> **Exercise directions**: Print out each entry below exactly, please.
Supplied data below:
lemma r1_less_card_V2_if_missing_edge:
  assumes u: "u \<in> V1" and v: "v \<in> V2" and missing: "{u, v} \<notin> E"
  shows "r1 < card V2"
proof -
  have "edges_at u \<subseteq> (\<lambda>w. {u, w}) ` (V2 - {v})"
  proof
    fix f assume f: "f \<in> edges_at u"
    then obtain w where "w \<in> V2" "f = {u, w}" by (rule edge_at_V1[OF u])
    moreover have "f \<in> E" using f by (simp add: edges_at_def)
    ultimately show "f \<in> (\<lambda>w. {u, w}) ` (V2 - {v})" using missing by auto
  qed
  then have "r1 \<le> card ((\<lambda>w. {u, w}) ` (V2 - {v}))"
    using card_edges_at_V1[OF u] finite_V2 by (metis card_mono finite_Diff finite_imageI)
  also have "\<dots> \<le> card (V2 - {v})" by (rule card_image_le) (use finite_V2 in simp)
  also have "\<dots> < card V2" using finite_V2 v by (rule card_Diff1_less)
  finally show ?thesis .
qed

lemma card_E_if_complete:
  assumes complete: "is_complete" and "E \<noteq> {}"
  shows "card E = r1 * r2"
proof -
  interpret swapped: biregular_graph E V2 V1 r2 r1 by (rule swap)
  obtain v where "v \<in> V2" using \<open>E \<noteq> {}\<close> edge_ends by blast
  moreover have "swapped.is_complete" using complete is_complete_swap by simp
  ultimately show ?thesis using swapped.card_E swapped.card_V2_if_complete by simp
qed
End of Supplied data.
> **Written reply**:
lemma r1_less_card_V2_if_missing_edge:
  assumes u: "u \<in> V1" and v: "v \<in> V2" and missing: "{u, v} \<notin> E"
  shows "r1 < card V2"
proof -
  have "edges_at u \<subseteq> (\<lambda>w. {u, w}) ` (V2 - {v})"
  proof
    fix f assume f: "f \<in> edges_at u"
    then obtain w where "w \<in> V2" "f = {u, w}" by (rule edge_at_V1[OF u])
    moreover have "f \<in> E" using f by (simp add: edges_at_def)
    ultimately show "f \<in> (\<lambda>w. {u, w}) ` (V2 - {v})" using missing by auto
  qed
  then have "r1 \<le> card ((\<lambda>w. {u, w}) ` (V2 - {v}))"
    using card_edges_at_V1[OF u] finite_V2 by (metis card_mono finite_Diff finite_imageI)
  also have "\<dots> \<le> card (V2 - {v})" by (rule card_image_le) (use finite_V2 in simp)
  also have "\<dots> < card V2" using finite_V2 v by (rule card_Diff1_less)
  finally show ?thesis .
qed

lemma card_E_if_complete:
  assumes complete: "is_complete" and "E \<noteq> {}"
  shows "card E = r1 * r2"
proof -
  interpret swapped: biregular_graph E V2 V1 r2 r1 by (rule swap)
  obtain v where "v \<in> V2" using \<open>E \<noteq> {}\<close> edge_ends by blast
  moreover have "swapped.is_complete" using complete is_complete_swap by simp
  ultimately show ?thesis using swapped.card_E swapped.card_V2_if_complete by simp
qed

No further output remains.